Mit 1,5 Mio. Versicherten ist die AOK Hessen die größte Krankenversicherung im Land. Bei einem Geschäftsvolumen von 4,7 Mrd. Euro wird mit einem Überschuss der Ausgaben in Höhe von knapp 58 Millionen Euro gerechnet. Dabei werden die Leistungsausgaben der Gesundheitskasse um 4,2 Prozent je Versicherten steigen. Einer der Hauptfaktoren für die Ausgabensteigerungen ist der Arzneimittelbereich mit +10,9 Prozent.

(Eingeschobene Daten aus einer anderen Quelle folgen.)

(* Let $M(C,\bar\xi,\pi)$ be a Myller configuration with Darboux frame $(\bar\xi,\bar\mu,\bar v)$ and invariants $G,K,T$ such that $(K(s),T(s))\neq(0,0)$ for all $s$, and let $\bar W_o$ be its unit OD-vector field. Then $C$ is a $W_o$-helix in $M$ if and only if $C$ is a $\bar v$-helix in $M$.
   Context: Let $C$ be a smooth curve in $E^3$ parametrized by arclength $s$; primes denote $d/ds$. A Myller configuration $M(C,\bar\xi,\pi)$ consists of a smooth unit vector field $\bar\xi$ along $C$ and a smooth oriented plane field $\pi$ with $\bar\xi\in\pi$; $\bar v$ is the unit normal of $\pi$, $\bar\mu=\bar v\times\bar\xi$, and $\bar\xi'=G\bar\mu+K\bar v$, $\bar\mu'=-G\bar\xi+T\bar v$, $\bar v'=-K\bar\xi-T\bar\mu$. The osculating-type Darboux vector (OD-vector) is $W_o=T\bar\xi-K\bar\mu$, $\bar W_o=W_o/\|W_o\|$. $C$ is a $W_o$-helix if $\langle\bar W_o,\bar l_o\rangle$ is constant for some constant unit vector $\bar l_o$; $C$ is a $\bar v$-helix if $\langle\bar v,\bar d_v\rangle$ is constant for some constant unit vector $\bar d_v$. *)

theory Defs
  imports "HOL-Analysis.Analysis" "HOL-Analysis.Cross3"
begin
(* The group $U_2$ is not linear, i.e. for no field $F$ and no integer $m\ge 1$ does $U_2$ embed as a subgroup of $\mathrm{GL}_m(F)$.
   Context: $K$ is a field of characteristic zero and $A_2=K\langle x,y\rangle$ is the free associative $K$-algebra with unity on $x,y$. $U_2=\{(x+f(y),\,y+b)\mid f(y)\in K\langle y\rangle,\ b\in K\}$ is the group of unitriangular automorphisms of $A_2$, where $(x+f(y),y+b)$ denotes the automorphism $x\mapsto x+f(y)$, $y\mapsto y+b$. *)

theory Defs
  imports "HOL-Analysis.Analysis" "HOL-Computational_Algebra.Polynomial"
begin

text \<open>The unitriangular automorphism (x + f(y), y + b) of the free algebra K<x,y>
  is encoded by the pair (f, b); note K<y> = K[y].  Composition of automorphisms
  (phi1 o phi2, i.e. apply phi2 first) gives
  (x + f1(y), y + b1) o (x + f2(y), y + b2) = (x + f1(y) + f2(y + b1), y + b1 + b2).\<close>

type_synonym 'k u2 = "'k poly \<times> 'k"

definition u2_mult :: "'k::comm_ring_1 u2 \<Rightarrow> 'k u2 \<Rightarrow> 'k u2" where
  "u2_mult p q = (fst p + pcompose (fst q) [:snd p, 1:], snd p + snd q)"

definition GL_embedding :: "('k::comm_ring_1 u2 \<Rightarrow> 'f::field ^'n::finite^'n) \<Rightarrow> bool" where
  "GL_embedding h \<longleftrightarrow> inj h \<and> (\<forall>a. invertible (h a)) \<and>
     (\<forall>a b. h (u2_mult a b) = h a ** h b)"

end

theory Submission
  imports Defs "HOL-Algebra.Algebraic_Closure_Type"
begin

(*
  The automorphisms (x + f(y), y) form an abelian normal subgroup N of U_2, isomorphic to
  (K[y], +), on which conjugation by t = (x, y + 1) acts as the shift f(y) -> f(y + 1).
  Extending scalars to the algebraic closure, it suffices to show that N acts trivially in
  every finite-dimensional representation rho of U_2 over an algebraically closed field.

  The N-fixed vectors form a U_2-invariant subspace V1. If V1 is proper, a common eigenvector
  of N modulo V1 has a character psi of (K[y], +); its images under the powers of t are
  eigenvectors modulo V1 with the shifted characters f -> psi(f(y + n)). By finite dimension
  two of these coincide, so psi is invariant under some shift by r <> 0, and since the
  difference operator f -> f(y + r) - f is onto K[y] in characteristic 0, psi = 1. Hence some
  v outside V1 has (rho f - 1) v in V1 for all f. For such v the map f -> (rho f - 1) v is
  additive and turns the difference operator Delta into B -> rho t B (rho t)^-1 - B. The
  matrices rho f - 1 are combinations of finitely many of them, all killed by Delta^K for K
  beyond their degrees; as Delta^K is onto, (rho g - 1) v = 0 for every g, a contradiction.
*)

hide_const (open) Polynomials.degree Polynomials.lead_coeff Module.smult UnivPoly.coeff UnivPoly.monom
no_notation fps_nth (infixl \<open>$\<close> 75)

definition poly_translate :: "'a::comm_semiring_1 \<Rightarrow> 'a poly \<Rightarrow> 'a poly" where
  "poly_translate c p = p \<circ>\<^sub>p [:c, 1:]"

definition poly_difference :: "'a::comm_ring_1 \<Rightarrow> 'a poly \<Rightarrow> 'a poly" where
  "poly_difference r p = poly_translate r p - p"

lemma poly_translate_0 [simp]: "poly_translate 0 p = p"
  by (simp add: poly_translate_def)

lemma poly_translate_translate: "poly_translate a (poly_translate b p) = poly_translate (a + b) p"
  by (simp add: poly_translate_def pcompose_assoc[symmetric] pcompose_pCons algebra_simps)

lemma poly_translate_add: "poly_translate c (p + q) = poly_translate c p + poly_translate c q"
  by (simp add: poly_translate_def pcompose_add)

lemma poly_difference_add: "poly_difference r (p + q) = poly_difference r p + poly_difference r q"
  by (simp add: poly_difference_def poly_translate_add)

lemma poly_difference_smult: "poly_difference r (smult c p) = smult c (poly_difference r p)"
  by (simp add: poly_difference_def poly_translate_def pcompose_smult smult_diff_right)

lemma poly_difference_const: "degree p = 0 \<Longrightarrow> poly_difference r p = 0"
  by (auto simp: poly_difference_def poly_translate_def elim: degree_eq_zeroE)

lemma degree_poly_difference_less:
  fixes p :: "'a::idom poly"
  assumes "degree p > 0"
  shows "degree (poly_difference r p) < degree p"
proof -
  have "degree (poly_translate r p) = degree p"
    by (simp add: poly_translate_def degree_pcompose)
  moreover have "lead_coeff (poly_translate r p) = lead_coeff p"
    unfolding poly_translate_def by (subst lead_coeff_comp) simp_all
  ultimately have "coeff (poly_difference r p) (degree p) = 0"
    and "degree (poly_difference r p) \<le> degree p"
    by (simp_all add: poly_difference_def degree_diff_le)
  with assms show ?thesis
    by (metis le_neq_implies_less degree_0 leading_coeff_0_iff)
qed

lemma funpow_poly_difference_eq_0:
  fixes p :: "'a::idom poly"
  shows "degree p < k \<Longrightarrow> (poly_difference r ^^ k) p = 0"
proof (induction k arbitrary: p)
  case (Suc k)
  have zero: "(poly_difference r ^^ n) 0 = 0" for n
    by (induction n) (simp_all add: poly_difference_const)
  show ?case
  proof (cases "degree p = 0")
    case True
    then show ?thesis by (simp add: funpow_Suc_right poly_difference_const zero del: funpow.simps)
  next
    case False
    with Suc.prems have "degree (poly_difference r p) < k"
      using degree_poly_difference_less[of p r] by linarith
    then show ?thesis by (simp add: funpow_Suc_right Suc.IH del: funpow.simps)
  qed
qed simp

lemma poly_difference_power_X:
  fixes r :: "'a::field_char_0"
  assumes "r \<noteq> 0"
  shows "degree (poly_difference r ([:0, 1:] ^ Suc n)) = n"
    and "lead_coeff (poly_difference r ([:0, 1:] ^ Suc n)) = of_nat (Suc n) * r"
proof -
  let ?d = "poly_difference r ([:0, 1:] ^ Suc n)"
  have "([:0, 1:] ^ k) \<circ>\<^sub>p [:r, 1:] = [:r, 1:] ^ k" for k
    by (induction k) (simp_all add: pcompose_mult pcompose_pCons pcompose_1)
  then have d: "?d = [:r, 1:] ^ Suc n - [:0, 1:] ^ Suc n"
    by (simp add: poly_difference_def poly_translate_def del: power_Suc)
  have coeff_d: "coeff ?d k = (if k \<le> n then of_nat (Suc n choose k) * r ^ (Suc n - k) else 0)" for k
  proof (cases "k \<le> Suc n")
    case True
    then show ?thesis
      unfolding d by (auto simp: coeff_linear_poly_power simp del: power_Suc)
  next
    case False
    then show ?thesis
      unfolding d by (simp add: coeff_eq_0 degree_linear_power del: power_Suc)
  qed
  have "coeff ?d n \<noteq> 0"
    using assms of_nat_neq_0[of n, where ?'a = 'a] by (simp add: coeff_d del: power_Suc of_nat_Suc)
  moreover have "coeff ?d k = 0" if "k > n" for k
    using that by (simp add: coeff_d del: power_Suc)
  ultimately show "degree ?d = n"
    by (meson degree_le le_antisym le_degree not_le)
  then show "lead_coeff ?d = of_nat (Suc n) * r"
    by (simp add: coeff_d del: power_Suc)
qed

lemma poly_difference_surj:
  fixes q :: "'a::field_char_0 poly"
  assumes "r \<noteq> 0"
  shows "\<exists>g. poly_difference r g = q"
proof (induction "degree q" arbitrary: q rule: less_induct)
  case less
  show ?case
  proof (cases "q = 0")
    case True
    then show ?thesis
      by (metis degree_0 poly_difference_const)
  next
    case False
    define n where "n = degree q"
    define c where "c = lead_coeff q / (of_nat (Suc n) * r)"
    define g where "g = smult c ([:0, 1:] ^ Suc n)"
    have "of_nat (Suc n) * r \<noteq> 0"
      using assms by (metis mult_eq_0_iff of_nat_neq_0)
    then have "c \<noteq> 0" "c * (of_nat (Suc n) * r) = lead_coeff q"
      using False by (simp_all add: c_def)
    moreover have "poly_difference r g = smult c (poly_difference r ([:0, 1:] ^ Suc n))"
      by (simp add: g_def poly_difference_smult del: power_Suc)
    ultimately have "degree (poly_difference r g) = n" "lead_coeff (poly_difference r g) = lead_coeff q"
      using poly_difference_power_X[OF assms, of n] by (simp_all del: power_Suc)
    then have "q - poly_difference r g = 0 \<or> degree (q - poly_difference r g) < degree q"
      unfolding n_def
      by (metis degree_diff_le order.refl coeff_diff diff_self le_neq_implies_less leading_coeff_0_iff)
    then obtain g' where "poly_difference r g' = q - poly_difference r g"
      using less by (metis degree_0 poly_difference_const)
    then have "poly_difference r (g + g') = q"
      by (simp add: poly_difference_add)
    then show ?thesis ..
  qed
qed

lemma funpow_poly_difference_surj:
  fixes q :: "'a::field_char_0 poly"
  assumes "r \<noteq> 0"
  shows "\<exists>g. (poly_difference r ^^ k) g = q"
proof (induction k arbitrary: q)
  case (Suc k)
  obtain g where "poly_difference r g = q"
    using poly_difference_surj[OF assms] by blast
  with Suc.IH[of g] show ?case
    by (metis comp_apply funpow.simps(2))
qed simp

lemma character_trivial_if_translation_invariant:
  fixes \<psi> :: "'a::field_char_0 poly \<Rightarrow> 'b::field"
  assumes add: "\<And>f g. \<psi> (f + g) = \<psi> f * \<psi> g" and zero: "\<psi> 0 = 1"
    and "r \<noteq> 0" and invariant: "\<And>f. \<psi> (poly_translate r f) = \<psi> f"
  shows "\<psi> f = 1"
proof -
  obtain g where "poly_difference r g = f"
    using poly_difference_surj[OF \<open>r \<noteq> 0\<close>] by blast
  then have "poly_translate r g = g + f"
    by (metis poly_difference_def diff_add_cancel add.commute)
  then have "\<psi> g * \<psi> f = \<psi> g"
    using add[of g f] invariant[of g] by simp
  moreover have "\<psi> g * \<psi> (- g) = 1"
    using add[of g "- g"] zero by simp
  ultimately show ?thesis
    by (metis mult_cancel_left1 zero_neq_one)
qed

lemma exists_nontrivial_linear_relation:
  fixes v :: "nat \<Rightarrow> 'a::field^'n"
  obtains c where "\<exists>i\<le>CARD('n). c i \<noteq> 0" "(\<Sum>i\<le>CARD('n). c i *s v i) = 0"
proof (cases "inj_on v {..CARD('n)}")
  case True
  have "vec.dependent (v ` {..CARD('n)})"
  proof (rule vec.dependent_biggerset_general)
    show "card (v ` {..CARD('n)}) > vec.dim (v ` {..CARD('n)})"
      using True dim_subset_UNIV_cart_gen[of "v ` {..CARD('n)}"] by (simp add: card_image)
  qed
  then obtain u where u: "\<exists>w\<in>v ` {..CARD('n)}. u w \<noteq> 0" "(\<Sum>w\<in>v ` {..CARD('n)}. u w *s w) = 0"
    by (auto simp: vec.dependent_finite)
  show ?thesis
  proof (rule that[of "u \<circ> v"])
    show "\<exists>i\<le>CARD('n). (u \<circ> v) i \<noteq> 0"
      using u(1) by auto
    show "(\<Sum>i\<le>CARD('n). (u \<circ> v) i *s v i) = 0"
      using u(2) by (simp add: sum.reindex[OF True])
  qed
next
  case False
  then obtain i j where ij: "i \<le> CARD('n)" "j \<le> CARD('n)" "i \<noteq> j" "v i = v j"
    by (auto simp: inj_on_def)
  define c where "c k = (if k = i then 1 else if k = j then -1 else 0 :: 'a)" for k :: nat
  have "(\<Sum>k\<le>CARD('n). c k *s v k) = (\<Sum>k\<in>{i, j}. c k *s v k)"
    by (rule sum.mono_neutral_right) (use ij in \<open>auto simp: c_def\<close>)
  also have "\<dots> = 0"
    using ij by (simp add: c_def)
  finally show ?thesis
    using ij by (intro that[of c]) (auto simp: c_def)
qed

definition poly_apply :: "'a::field poly \<Rightarrow> 'a^'n^'n \<Rightarrow> 'a^'n \<Rightarrow> 'a^'n" where
  "poly_apply p A v = foldr (\<lambda>a w. a *s v + A *v w) (coeffs p) 0"

lemma poly_apply_0 [simp]: "poly_apply 0 A v = 0"
  by (simp add: poly_apply_def)

lemma poly_apply_pCons [simp]: "poly_apply (pCons a p) A v = a *s v + A *v poly_apply p A v"
  by (cases "p = 0 \<and> a = 0") (auto simp: poly_apply_def cCons_def)

lemma poly_apply_add: "poly_apply (p + q) A v = poly_apply p A v + poly_apply q A v"
proof (induction p arbitrary: q rule: pCons_induct)
  case (pCons a p)
  then show ?case
    by (cases q rule: pCons_cases) (simp add: algebra_simps)
qed simp

lemma poly_apply_smult: "poly_apply (smult c p) A v = c *s poly_apply p A v"
  by (induction p rule: pCons_induct) (auto simp: vector_scalar_commute)

lemma poly_apply_mult: "poly_apply (p * q) A v = poly_apply p A (poly_apply q A v)"
  by (induction p rule: pCons_induct) (simp_all add: poly_apply_add poly_apply_smult)

lemma poly_apply_monom: "poly_apply (monom c i) A v = c *s ((*v) A ^^ i) v"
  by (induction i arbitrary: c) (simp_all add: monom_0 monom_Suc vector_scalar_commute)

lemma poly_apply_sum: "poly_apply (sum f I) A v = (\<Sum>i\<in>I. poly_apply (f i) A v)"
  by (induction I rule: infinite_finite_induct) (simp_all add: poly_apply_add)

lemma poly_apply_in_subspace:
  assumes "vec.subspace E" "\<And>u. u \<in> E \<Longrightarrow> A *v u \<in> E" "v \<in> E"
  shows "poly_apply p A v \<in> E"
  by (induction p rule: pCons_induct)
    (auto intro!: vec.subspace_add vec.subspace_scale vec.subspace_0 assms)

lemma exists_annihilating_poly:
  fixes A :: "'a::field^'n^'n"
  obtains q where "q \<noteq> 0" "poly_apply q A v = 0"
proof -
  obtain c where c: "\<exists>i\<le>CARD('n). c i \<noteq> 0" "(\<Sum>i\<le>CARD('n). c i *s ((*v) A ^^ i) v) = 0"
    by (rule exists_nontrivial_linear_relation)
  define q where "q = (\<Sum>i\<le>CARD('n). monom (c i) i)"
  have "poly_apply q A v = 0"
    using c(2) by (simp add: q_def poly_apply_sum poly_apply_monom)
  moreover have "q \<noteq> 0"
  proof -
    obtain i where "i \<le> CARD('n)" "c i \<noteq> 0"
      using c(1) by blast
    then have "coeff q i \<noteq> 0"
      by (simp add: q_def coeff_sum)
    then show ?thesis
      by auto
  qed
  ultimately show ?thesis
    using that by blast
qed

lemma subspace_scale_iff:
  fixes x :: "'a::field^'n"
  assumes "vec.subspace S" "c \<noteq> 0"
  shows "c *s x \<in> S \<longleftrightarrow> x \<in> S"
  using vec.subspace_scale[OF assms(1), of "c *s x" "inverse c"] vec.subspace_scale[OF assms(1)] assms(2)
  by auto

 Insgesamt verschlechtert sich die Finanzsituation in der gesamten GKV. Auf Grund der soliden Geschäftspolitik der zurückliegenden Jahre ist die AOK Hessen jedoch in der Lage, dies zu kompensieren. Für die Zukunft ist allerdings auch der Gesetzgeber gefordert, erklärten übereinstimmend die beiden alternierenden Vorsitzenden des Verwaltungsrates, Brigitte Baki und Dr. Werner Scherer: „Neben einer Verbesserung der Qualität der Versorgung und der wettbewerblichen Handlungsspielräume in GKV muss wieder die Wirtschaftlichkeit in den Fokus der Politik gerückt werden.“ Ebenso gelte es, mögliche Wettbewerbsverzerrungen im Rahmen der angekündigten Finanzierungsreform zu verhindern. „Über den Preis einer Kasse sollte ihre Managementleistung entscheiden und nicht die Einkommens- oder die Krankheitsstruktur ihrer Mitglieder“, erklärte Fritz Müller, Vorstandsvorsitzender der AOK Hessen. Ein morbiditätsorientierter Risikostrukturausgleich sowie ein vollständiger Einkommensausgleich – auch für einen künftigen Zusatzbeitrag in der GKV – seien Grundvoraussetzung für einen funktionsfähigen Wettbewerb.

Zum Hintergrund: Im Rahmen der Koalitionsverhandlungen haben CDU/CSU und SPD vereinbart, dass der derzeitige Sonderbeitrag der Versicherten von 0,9 Prozent in den optionalen Zusatzbeitrag überführt wird, der nicht mehr pauschal, sondern einkommensabhängig erhoben werden soll. Ohne vollständigen Einkommensausgleich hätte dies zur Folge, dass bei gleichem Finanzbedarf Kassen mit Mitgliedern, die im Schnitt ein niedrigeres Einkommen haben, einen höheren Zusatzbeitrag erheben müssten als Kassen mit Mitgliedern mit hohen Einkommen. Damit würde ein starker Anreiz gesetzt, vor allem gutverdienende Menschen zu versichern. Der Wettbewerb in der GKV sollte sich jedoch nicht um das Einkommen der Versicherten drehen, sondern um Qualität und Wirtschaftlichkeit der Versorgung. Um die genannten Fehlanreize zu verhindern, sind ein morbiditätsorientierter Risikostrukturausgleich sowie ein vollständiger Einkommensausgleich unverzichtbar. Dies sieht der Koalitionsvertrag im Grundsatz auch vor – nun kommt es auf die gesetzliche Ausgestaltung ohne Abstriche an.